**RECORD SET**.
-- Opening Marker --
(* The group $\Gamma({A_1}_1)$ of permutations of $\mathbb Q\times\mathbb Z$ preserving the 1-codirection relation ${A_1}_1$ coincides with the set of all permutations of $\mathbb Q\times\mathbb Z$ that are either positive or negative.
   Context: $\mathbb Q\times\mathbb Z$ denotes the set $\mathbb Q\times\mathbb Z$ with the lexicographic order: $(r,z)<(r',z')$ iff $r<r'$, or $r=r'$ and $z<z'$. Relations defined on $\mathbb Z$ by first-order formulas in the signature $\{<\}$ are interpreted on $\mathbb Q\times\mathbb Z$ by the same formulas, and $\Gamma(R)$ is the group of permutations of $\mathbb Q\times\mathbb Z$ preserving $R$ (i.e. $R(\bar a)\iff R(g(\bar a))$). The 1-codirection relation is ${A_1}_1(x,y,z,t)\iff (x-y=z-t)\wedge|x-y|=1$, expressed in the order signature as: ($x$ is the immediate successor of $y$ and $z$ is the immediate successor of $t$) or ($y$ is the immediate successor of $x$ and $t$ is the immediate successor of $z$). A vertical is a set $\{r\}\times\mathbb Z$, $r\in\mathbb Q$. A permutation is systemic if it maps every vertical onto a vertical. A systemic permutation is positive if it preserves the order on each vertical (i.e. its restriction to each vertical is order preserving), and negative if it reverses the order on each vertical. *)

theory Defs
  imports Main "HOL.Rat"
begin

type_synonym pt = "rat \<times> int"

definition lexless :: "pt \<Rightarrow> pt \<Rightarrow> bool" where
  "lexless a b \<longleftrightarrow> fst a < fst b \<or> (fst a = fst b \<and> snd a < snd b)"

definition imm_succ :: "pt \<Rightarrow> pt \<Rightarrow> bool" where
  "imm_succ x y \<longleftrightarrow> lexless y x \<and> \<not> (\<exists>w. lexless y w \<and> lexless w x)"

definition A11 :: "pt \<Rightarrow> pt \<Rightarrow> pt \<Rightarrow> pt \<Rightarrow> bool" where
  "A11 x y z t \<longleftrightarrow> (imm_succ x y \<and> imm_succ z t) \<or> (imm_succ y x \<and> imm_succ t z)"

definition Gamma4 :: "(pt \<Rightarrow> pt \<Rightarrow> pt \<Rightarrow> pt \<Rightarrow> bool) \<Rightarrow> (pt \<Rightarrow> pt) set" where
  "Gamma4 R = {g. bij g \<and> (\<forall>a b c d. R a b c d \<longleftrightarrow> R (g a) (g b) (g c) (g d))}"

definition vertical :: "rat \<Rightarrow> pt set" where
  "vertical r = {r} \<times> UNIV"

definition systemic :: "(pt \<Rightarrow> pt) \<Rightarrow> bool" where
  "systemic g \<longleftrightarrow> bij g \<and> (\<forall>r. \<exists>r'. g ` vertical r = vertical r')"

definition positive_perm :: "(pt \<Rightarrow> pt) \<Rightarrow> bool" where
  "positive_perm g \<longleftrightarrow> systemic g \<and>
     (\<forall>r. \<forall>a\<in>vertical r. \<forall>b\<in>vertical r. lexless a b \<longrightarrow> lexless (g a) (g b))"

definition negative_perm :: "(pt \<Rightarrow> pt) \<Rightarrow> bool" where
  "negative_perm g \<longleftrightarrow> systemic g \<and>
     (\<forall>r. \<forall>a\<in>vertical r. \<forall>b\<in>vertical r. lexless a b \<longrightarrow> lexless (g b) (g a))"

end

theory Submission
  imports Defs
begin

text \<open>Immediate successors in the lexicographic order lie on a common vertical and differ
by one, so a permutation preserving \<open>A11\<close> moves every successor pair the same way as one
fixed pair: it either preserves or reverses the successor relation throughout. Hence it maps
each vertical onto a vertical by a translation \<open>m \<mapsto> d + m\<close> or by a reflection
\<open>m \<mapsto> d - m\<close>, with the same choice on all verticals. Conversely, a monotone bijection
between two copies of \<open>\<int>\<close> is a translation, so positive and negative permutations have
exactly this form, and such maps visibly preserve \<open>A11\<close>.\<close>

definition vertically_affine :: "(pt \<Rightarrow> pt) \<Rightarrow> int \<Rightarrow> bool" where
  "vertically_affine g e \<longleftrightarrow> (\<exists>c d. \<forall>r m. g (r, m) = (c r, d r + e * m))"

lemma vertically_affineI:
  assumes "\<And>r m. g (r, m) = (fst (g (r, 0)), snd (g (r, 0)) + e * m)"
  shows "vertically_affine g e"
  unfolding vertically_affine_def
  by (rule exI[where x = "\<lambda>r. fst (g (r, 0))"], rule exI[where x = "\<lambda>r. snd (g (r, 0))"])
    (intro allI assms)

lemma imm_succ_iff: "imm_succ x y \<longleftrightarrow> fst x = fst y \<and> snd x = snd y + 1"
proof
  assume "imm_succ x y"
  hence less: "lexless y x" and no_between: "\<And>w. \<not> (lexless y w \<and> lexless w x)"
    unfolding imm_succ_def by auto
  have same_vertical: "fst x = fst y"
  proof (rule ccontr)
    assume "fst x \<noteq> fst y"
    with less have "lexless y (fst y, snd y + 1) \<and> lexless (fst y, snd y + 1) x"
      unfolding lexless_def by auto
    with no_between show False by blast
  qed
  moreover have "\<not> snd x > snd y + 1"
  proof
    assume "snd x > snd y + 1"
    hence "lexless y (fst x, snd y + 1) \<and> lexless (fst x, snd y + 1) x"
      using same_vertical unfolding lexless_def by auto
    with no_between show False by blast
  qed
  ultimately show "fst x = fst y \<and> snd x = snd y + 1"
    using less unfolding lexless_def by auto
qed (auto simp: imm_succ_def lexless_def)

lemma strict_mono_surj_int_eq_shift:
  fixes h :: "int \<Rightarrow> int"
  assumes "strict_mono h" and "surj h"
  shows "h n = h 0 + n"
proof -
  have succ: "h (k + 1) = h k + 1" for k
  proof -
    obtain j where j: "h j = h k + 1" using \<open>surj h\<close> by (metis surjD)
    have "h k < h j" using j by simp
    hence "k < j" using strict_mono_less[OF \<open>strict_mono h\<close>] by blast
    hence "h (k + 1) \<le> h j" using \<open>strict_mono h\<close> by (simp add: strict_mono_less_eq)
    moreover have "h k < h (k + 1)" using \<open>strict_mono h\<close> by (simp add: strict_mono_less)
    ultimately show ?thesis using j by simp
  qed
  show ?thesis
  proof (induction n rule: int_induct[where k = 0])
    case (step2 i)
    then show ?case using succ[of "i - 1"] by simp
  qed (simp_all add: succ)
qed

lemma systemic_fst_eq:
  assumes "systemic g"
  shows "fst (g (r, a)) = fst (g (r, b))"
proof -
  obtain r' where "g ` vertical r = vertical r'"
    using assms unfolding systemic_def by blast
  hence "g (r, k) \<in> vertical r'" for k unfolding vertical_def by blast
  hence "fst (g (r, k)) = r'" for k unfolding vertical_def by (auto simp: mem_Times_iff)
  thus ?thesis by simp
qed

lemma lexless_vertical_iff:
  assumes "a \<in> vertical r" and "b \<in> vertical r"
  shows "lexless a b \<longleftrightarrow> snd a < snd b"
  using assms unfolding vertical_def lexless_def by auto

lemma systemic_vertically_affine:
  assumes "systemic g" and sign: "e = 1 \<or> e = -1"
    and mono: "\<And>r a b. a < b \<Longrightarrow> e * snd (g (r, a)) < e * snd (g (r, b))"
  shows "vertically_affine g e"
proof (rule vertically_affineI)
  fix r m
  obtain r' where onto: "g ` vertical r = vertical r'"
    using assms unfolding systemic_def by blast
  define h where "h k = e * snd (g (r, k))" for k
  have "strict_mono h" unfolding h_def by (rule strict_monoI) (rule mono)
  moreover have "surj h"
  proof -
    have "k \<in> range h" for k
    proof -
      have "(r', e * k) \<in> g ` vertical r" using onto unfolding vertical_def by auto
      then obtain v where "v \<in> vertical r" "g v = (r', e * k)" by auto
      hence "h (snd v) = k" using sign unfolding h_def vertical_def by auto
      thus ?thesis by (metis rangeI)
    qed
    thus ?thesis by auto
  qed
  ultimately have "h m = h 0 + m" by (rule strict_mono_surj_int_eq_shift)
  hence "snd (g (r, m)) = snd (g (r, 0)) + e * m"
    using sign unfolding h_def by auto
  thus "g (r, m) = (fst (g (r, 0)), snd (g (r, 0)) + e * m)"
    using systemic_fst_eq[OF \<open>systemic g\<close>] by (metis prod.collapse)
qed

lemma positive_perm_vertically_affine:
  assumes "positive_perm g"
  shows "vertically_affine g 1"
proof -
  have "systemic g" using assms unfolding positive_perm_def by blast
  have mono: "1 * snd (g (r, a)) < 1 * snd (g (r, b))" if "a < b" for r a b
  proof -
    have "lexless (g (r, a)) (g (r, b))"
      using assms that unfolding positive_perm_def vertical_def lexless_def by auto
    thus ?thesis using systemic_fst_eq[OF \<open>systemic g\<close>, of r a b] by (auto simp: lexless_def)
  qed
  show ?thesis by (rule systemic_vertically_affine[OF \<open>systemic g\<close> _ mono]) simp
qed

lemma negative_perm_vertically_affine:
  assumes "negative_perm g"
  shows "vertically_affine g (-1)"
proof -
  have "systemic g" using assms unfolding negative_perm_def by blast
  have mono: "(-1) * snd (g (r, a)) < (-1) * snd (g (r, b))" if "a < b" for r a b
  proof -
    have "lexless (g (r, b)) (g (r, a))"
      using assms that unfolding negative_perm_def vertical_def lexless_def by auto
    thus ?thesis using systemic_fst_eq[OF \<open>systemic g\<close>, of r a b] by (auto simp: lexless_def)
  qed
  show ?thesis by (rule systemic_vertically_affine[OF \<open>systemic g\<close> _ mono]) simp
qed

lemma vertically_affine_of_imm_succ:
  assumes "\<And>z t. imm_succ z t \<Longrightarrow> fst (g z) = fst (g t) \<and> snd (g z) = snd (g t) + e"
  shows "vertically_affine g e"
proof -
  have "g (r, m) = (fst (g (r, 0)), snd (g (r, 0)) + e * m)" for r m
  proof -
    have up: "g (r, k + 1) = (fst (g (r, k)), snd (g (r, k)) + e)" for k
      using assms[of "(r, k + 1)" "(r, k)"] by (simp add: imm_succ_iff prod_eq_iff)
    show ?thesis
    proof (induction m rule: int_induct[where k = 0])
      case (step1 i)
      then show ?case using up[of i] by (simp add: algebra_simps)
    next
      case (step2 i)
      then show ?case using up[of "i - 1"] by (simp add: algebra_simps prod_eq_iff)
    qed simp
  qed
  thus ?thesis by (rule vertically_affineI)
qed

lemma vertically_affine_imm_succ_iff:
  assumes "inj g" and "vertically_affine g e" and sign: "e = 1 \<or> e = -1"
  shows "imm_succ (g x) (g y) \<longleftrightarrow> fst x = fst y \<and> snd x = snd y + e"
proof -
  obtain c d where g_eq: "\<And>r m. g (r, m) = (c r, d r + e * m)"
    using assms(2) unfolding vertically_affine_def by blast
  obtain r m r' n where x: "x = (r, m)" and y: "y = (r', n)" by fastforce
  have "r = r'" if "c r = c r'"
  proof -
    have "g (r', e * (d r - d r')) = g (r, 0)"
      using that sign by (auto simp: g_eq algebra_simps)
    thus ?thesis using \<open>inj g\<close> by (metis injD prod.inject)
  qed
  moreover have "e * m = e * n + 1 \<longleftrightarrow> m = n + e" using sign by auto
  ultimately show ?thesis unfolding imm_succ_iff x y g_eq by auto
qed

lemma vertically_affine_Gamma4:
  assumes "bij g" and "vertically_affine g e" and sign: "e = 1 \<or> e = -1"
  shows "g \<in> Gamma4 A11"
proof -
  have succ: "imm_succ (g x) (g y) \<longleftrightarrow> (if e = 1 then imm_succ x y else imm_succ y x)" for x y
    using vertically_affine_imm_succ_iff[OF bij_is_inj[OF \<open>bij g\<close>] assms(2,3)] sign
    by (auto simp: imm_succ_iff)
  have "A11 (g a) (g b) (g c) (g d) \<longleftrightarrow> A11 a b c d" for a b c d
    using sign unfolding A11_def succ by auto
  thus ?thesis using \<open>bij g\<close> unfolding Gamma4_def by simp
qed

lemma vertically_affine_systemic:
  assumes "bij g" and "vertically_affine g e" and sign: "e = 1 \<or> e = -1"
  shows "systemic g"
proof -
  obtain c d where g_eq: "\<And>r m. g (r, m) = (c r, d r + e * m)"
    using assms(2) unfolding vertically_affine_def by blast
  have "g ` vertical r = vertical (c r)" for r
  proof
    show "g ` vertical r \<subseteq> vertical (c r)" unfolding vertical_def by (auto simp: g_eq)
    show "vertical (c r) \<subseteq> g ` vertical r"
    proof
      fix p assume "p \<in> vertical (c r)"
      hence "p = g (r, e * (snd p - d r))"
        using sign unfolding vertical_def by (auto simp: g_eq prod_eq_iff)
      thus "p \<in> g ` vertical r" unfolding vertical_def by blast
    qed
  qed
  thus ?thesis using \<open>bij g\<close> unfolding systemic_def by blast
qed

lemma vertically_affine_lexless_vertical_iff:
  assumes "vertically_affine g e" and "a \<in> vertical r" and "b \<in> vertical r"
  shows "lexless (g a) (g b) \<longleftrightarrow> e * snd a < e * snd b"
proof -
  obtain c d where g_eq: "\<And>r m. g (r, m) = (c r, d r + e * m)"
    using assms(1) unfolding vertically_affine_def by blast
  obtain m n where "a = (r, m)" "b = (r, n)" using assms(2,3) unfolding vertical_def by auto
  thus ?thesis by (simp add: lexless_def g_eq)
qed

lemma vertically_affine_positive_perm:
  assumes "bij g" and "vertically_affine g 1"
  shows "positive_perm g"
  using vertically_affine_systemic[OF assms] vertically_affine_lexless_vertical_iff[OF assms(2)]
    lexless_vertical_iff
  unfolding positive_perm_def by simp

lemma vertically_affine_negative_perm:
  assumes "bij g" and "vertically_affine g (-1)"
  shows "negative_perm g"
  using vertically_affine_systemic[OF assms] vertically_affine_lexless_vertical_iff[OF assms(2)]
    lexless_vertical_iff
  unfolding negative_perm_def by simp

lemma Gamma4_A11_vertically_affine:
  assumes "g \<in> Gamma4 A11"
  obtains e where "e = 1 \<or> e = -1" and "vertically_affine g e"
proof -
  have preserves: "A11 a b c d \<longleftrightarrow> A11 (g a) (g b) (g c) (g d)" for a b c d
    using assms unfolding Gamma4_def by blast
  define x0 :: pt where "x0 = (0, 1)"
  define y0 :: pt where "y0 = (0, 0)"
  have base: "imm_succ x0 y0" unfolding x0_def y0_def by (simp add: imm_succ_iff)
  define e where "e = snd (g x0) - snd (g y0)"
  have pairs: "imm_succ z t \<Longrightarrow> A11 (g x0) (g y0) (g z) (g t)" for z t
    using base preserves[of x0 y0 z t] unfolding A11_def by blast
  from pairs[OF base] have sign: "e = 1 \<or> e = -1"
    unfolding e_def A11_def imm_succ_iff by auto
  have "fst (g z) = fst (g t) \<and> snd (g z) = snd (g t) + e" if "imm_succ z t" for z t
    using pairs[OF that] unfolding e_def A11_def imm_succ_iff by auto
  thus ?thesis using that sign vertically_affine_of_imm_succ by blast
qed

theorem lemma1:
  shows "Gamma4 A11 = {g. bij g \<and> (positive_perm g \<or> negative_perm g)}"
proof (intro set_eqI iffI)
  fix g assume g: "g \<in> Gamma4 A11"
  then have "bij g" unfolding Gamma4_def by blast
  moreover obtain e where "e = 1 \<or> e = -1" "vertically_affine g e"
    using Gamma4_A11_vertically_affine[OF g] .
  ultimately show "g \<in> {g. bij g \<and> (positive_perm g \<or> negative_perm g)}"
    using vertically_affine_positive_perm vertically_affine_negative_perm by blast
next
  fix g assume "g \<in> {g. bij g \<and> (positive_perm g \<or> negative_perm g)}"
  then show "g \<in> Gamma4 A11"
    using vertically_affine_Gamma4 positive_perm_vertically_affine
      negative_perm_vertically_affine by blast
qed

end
-- Closing Marker --
**EXERCISE**. There is a line with "y) \<longleftrightarrow> (if" and a line with "using sign unfolding A11_def succ by auto" above. Copy exactly those two lines and all lines between them, with nothing else.

**WRITTEN SOLUTION**.
  have succ: "imm_succ (g x) (g y) \<longleftrightarrow> (if e = 1 then imm_succ x y else imm_succ y x)" for x y
    using vertically_affine_imm_succ_iff[OF bij_is_inj[OF \<open>bij g\<close>] assms(2,3)] sign
    by (auto simp: imm_succ_iff)
  have "A11 (g a) (g b) (g c) (g d) \<longleftrightarrow> A11 a b c d" for a b c d
    using sign unfolding A11_def succ by auto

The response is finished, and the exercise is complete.